Highly committed to teaching and outreach, the CSQ have held teaching duties at Austin Chamber Music Festival (Texas), San Diego State University (California), McGill University (Québec), QuartetFest at Wilfrid Laurier University (Ontario), Summer String Academy at Indiana University and were recent Quartet Fellows at the Glenn Gould School of the Royal Conservatory of Music in Toronto. They have presented educational programs for elementary and high schools across Canada, the USA, Italy, and France. They CSQ actively seek to develop new audiences and their presentations have taken them to venues as varied as the Monarch School for Homeless Youth (San Diego) and the SLAC National Accelerator Laboratory (Stanford). In 2013, the St. Lawrence String Quartet, Stanford’s Grammy-nominated resident ensemble, awarded the Cecilia String Quartet its 2013 John Lad Prize.  Presented in collaboration with Stanford Live and Vancouver's Music on Main series, the award includes invitations from both organizations to perform during the 2014-15 season.

The quartet enjoys developing innovative programming. In 2009 they created BLiM (Breathing Life into Music), a month-long residency in France in collaboration with ProQuartet and the Centres culturels de rencontre (Cultural Centres – Historic Monuments) association in France and Europe (ACCR). In 2010, they collaborated with the Afiara String Quartet in premièring and recording compositions by eight composers of the Common Sense Composers Collective at The Banff Centre. In 2011, they collaborated with actor and director Alon Nashman in the multimedia production The Snow Queen. Future special projects include a collaboration with composer Ed Harsh and soprano Stacie Dunlop for the premier of a new work titled Down from Heaven. This work for string quartet and soprano, commissioned by ASCAP, is a response to Schoenberg’s String Quartet No. 2 Op. 10. It will be featured alongside the Schoenberg in a special program for the 2013-2014 season.

Min-Jeong Koh currently plays on the ca. 1767 Joannes Baptista Guadagnini violin on loan from the Canada Council for the Arts and an anonymous donor. Sarah Nematallah currently plays on the 1851 Jean Baptiste Vuillaume violin on loan from an anonymous donor. Rachel Desoer now performs on the 1929 Carlo Giuseppe Oddone cello on loan from the Canada Council for the Arts. The quartet would like to thank the anonymous donors and the Canada Council for the Arts for their generous support.
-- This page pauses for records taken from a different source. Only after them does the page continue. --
lemma indep2_iff_det2: "indep2 a b \<longleftrightarrow> det2 a b \<noteq> 0"
  by (simp add: indep2_def det2_def)

lemma inner_sq_plus_det2_sq: "inner a b ^ 2 + det2 a b ^ 2 = norm a ^ 2 * norm b ^ 2"
  unfolding norm_sq_real2 by (simp add: inner_real2 det2_def power2_eq_square algebra_simps)

lemma det2_int_combination:
  "det2 (of_int i *\<^sub>R a + of_int j *\<^sub>R b) (of_int k *\<^sub>R a + of_int l *\<^sub>R b)
     = of_int (i * l - j * k) * det2 a b"
  by (simp add: det2_def algebra_simps)

lemma lattice_span_left: "a \<in> lattice_span a b"
  unfolding lattice_span_def by (rule CollectI, rule exI[of _ 1], rule exI[of _ 0]) simp

lemma lattice_span_right: "b \<in> lattice_span a b"
  unfolding lattice_span_def by (rule CollectI, rule exI[of _ 0], rule exI[of _ 1]) simp

lemma lattice_spanE:
  assumes "c \<in> lattice_span a b"
  obtains i j :: int where "c = of_int i *\<^sub>R a + of_int j *\<^sub>R b"
  using assms unfolding lattice_span_def by auto

lemma lattice_span_subset_uminus_right: "lattice_span a b \<subseteq> lattice_span a (- b)"
proof
  fix x assume "x \<in> lattice_span a b"
  then obtain i j :: int where "x = of_int i *\<^sub>R a + of_int j *\<^sub>R b"
    by (rule lattice_spanE)
  then have "x = of_int i *\<^sub>R a + of_int (- j) *\<^sub>R (- b)" by simp
  then show "x \<in> lattice_span a (- b)"
    unfolding lattice_span_def by blast
qed

lemma lattice_span_uminus_right: "lattice_span a (- b) = lattice_span a b"
  using lattice_span_subset_uminus_right[of a b] lattice_span_subset_uminus_right[of a "- b"]
  by simp

lemma det2_dvd_lattice_span:
  assumes "c \<in> lattice_span a b" "d \<in> lattice_span a b"
  obtains k :: int where "det2 c d = of_int k * det2 a b"
proof -
  obtain i j :: int where "c = of_int i *\<^sub>R a + of_int j *\<^sub>R b"
    using assms(1) by (rule lattice_spanE)
  moreover obtain k l :: int where "d = of_int k *\<^sub>R a + of_int l *\<^sub>R b"
    using assms(2) by (rule lattice_spanE)
  ultimately have "det2 c d = of_int (i * l - j * k) * det2 a b"
    by (simp only: det2_int_combination)
  then show ?thesis by (rule that)
qed

lemma abs_det2_lattice_span_eq:
  assumes "indep2 a b" "lattice_span a b = lattice_span c d"
  shows "\<bar>det2 a b\<bar> = \<bar>det2 c d\<bar>"
proof -
  obtain k where k: "det2 c d = of_int k * det2 a b"
    using det2_dvd_lattice_span lattice_span_left lattice_span_right assms(2) by metis
  obtain k' where k': "det2 a b = of_int k' * det2 c d"
    using det2_dvd_lattice_span lattice_span_left lattice_span_right assms(2) by metis
  have "det2 a b \<noteq> 0" using assms(1) by (simp add: indep2_iff_det2)
  with k k' have "real_of_int k' * of_int k = 1" by (simp add: algebra_simps)
  then have "k' * k = 1" by (metis of_int_eq_1_iff of_int_mult)
  then have "\<bar>k\<bar> = 1" by (metis abs_zmult_eq_1 mult.commute abs_1)
  then show ?thesis using k by (simp add: abs_mult flip: of_int_abs)
qed

lemma lattice_min_le_norm_sq:
  assumes "y \<in> L" "y \<noteq> 0"
  shows "lattice_min L \<le> norm y ^ 2"
  unfolding lattice_min_def
  by (rule cInf_lower) (use assms in \<open>auto intro: bdd_belowI[of _ 0]\<close>)

lemma wr_basis_lattice_min_pos:
  assumes "wr_basis W a b"
  shows "lattice_min W > 0"
proof -
  have "a \<noteq> 0" using assms by (auto simp: wr_basis_def is_basis2_def indep2_def)
  then show ?thesis using assms by (metis wr_basis_def zero_less_norm_iff zero_less_power)
qed

lemma wr_basis_norm_mult:
  assumes "wr_basis W a b"
  shows "norm a * norm b = lattice_min W"
proof -
  have "norm a ^ 2 = lattice_min W" "norm b ^ 2 = lattice_min W"
    using assms by (auto simp: wr_basis_def)
  moreover from this have "norm a = norm b" by (metis norm_ge_zero power2_eq_imp_eq)
  ultimately show ?thesis by (simp add: power2_eq_square)
qed

lemma wr_basis_cos_vec_angle:
  assumes "wr_basis W a b"
  shows "cos (vec_angle a b) = inner a b / lattice_min W"
proof -
  have "\<bar>inner a b\<bar> \<le> lattice_min W"
    using Cauchy_Schwarz_ineq2[of a b] wr_basis_norm_mult[OF assms] by simp
  with wr_basis_lattice_min_pos[OF assms]
  have "-1 \<le> inner a b / lattice_min W" "inner a b / lattice_min W \<le> 1"
    by (simp_all add: abs_le_iff divide_simps)
  then show ?thesis
    by (simp add: vec_angle_def wr_basis_norm_mult[OF assms] cos_arccos)
qed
(May 2013. Please disgard any previopusly dated material.)



Press Highlights

Such music needs a first violinist of ‘generous’ sound, and this it had in the marvellous playing of Min-Jeong Koh. She, however, was well matched by her fellow players, and under their capable fingers the quartet soared and thrilled, filing the hall with the most exquisite sounds.
C
ALGARY HERALD (Canada)

[of the Haydn String Quartet in G minor, op. 20] … the balance between expressiveness and interplay was almost dauntingly perfect, and the beauty of the tone in the plaintive melodic magic of the slow movement was simply unbeatable.